[Dataset entries]
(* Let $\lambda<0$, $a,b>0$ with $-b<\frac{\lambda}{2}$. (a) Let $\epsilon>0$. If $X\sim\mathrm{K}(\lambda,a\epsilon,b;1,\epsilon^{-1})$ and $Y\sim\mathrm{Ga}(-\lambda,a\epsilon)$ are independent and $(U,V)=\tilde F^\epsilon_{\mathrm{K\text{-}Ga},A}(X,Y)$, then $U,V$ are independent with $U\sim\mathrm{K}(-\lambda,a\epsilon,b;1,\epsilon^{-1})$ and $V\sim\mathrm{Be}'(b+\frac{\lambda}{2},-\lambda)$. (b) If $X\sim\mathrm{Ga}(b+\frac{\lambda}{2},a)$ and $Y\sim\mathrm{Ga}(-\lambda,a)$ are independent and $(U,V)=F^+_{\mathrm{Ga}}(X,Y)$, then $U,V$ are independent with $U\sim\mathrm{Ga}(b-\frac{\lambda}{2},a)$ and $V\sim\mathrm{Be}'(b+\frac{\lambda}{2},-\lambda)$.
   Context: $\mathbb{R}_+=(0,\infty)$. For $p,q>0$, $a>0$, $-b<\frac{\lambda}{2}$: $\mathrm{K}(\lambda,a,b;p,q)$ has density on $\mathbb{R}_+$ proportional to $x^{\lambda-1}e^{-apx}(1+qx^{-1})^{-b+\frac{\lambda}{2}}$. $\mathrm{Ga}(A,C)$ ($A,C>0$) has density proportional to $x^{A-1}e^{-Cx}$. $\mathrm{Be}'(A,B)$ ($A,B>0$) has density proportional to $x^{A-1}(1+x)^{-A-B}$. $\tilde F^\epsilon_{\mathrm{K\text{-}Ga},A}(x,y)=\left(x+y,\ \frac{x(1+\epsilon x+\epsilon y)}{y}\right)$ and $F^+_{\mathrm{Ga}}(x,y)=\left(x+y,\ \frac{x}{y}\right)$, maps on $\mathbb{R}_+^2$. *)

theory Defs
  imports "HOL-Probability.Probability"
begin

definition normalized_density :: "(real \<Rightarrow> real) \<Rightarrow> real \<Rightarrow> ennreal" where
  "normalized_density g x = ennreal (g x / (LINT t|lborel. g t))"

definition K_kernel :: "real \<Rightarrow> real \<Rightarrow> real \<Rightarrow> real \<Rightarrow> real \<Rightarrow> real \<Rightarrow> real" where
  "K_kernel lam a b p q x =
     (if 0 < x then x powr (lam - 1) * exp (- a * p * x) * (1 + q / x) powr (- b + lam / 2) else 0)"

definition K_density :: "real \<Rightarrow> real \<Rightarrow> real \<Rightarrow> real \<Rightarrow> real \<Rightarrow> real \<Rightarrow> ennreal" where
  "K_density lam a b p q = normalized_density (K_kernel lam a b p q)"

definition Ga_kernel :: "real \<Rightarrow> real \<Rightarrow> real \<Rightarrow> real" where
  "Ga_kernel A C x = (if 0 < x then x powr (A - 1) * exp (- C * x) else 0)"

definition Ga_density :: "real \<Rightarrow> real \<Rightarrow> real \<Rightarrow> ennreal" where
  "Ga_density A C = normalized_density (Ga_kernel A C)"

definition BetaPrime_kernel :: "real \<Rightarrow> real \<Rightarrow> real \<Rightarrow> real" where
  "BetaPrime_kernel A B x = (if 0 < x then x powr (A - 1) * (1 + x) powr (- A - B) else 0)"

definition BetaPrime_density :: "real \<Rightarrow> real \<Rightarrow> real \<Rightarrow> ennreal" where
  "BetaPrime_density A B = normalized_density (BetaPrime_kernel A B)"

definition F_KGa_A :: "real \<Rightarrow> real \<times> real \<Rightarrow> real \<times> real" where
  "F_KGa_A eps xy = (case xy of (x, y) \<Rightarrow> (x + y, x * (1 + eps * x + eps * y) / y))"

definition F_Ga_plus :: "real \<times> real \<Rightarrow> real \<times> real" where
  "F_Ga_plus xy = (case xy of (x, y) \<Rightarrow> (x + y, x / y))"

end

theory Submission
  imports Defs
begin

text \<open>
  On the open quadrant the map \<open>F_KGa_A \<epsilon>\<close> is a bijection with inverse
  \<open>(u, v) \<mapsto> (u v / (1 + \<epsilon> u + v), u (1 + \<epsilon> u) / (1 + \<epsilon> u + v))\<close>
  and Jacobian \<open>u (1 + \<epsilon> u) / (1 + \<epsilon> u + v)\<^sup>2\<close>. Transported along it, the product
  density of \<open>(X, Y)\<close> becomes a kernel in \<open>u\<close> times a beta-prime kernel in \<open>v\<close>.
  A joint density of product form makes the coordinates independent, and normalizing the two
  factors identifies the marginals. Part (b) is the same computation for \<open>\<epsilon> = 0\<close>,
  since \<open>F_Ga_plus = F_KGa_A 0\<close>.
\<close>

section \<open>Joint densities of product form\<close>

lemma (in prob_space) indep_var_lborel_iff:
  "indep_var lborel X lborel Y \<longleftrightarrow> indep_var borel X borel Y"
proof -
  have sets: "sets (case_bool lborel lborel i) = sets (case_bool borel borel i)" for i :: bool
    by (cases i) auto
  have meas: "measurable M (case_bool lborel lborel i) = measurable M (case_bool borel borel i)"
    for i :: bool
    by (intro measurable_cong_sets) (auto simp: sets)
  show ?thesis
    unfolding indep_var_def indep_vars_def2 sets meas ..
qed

- **Aim of the exercise**
For this data, state how many lines include the word "close", with nothing added.

- **Solution for this exercise**
8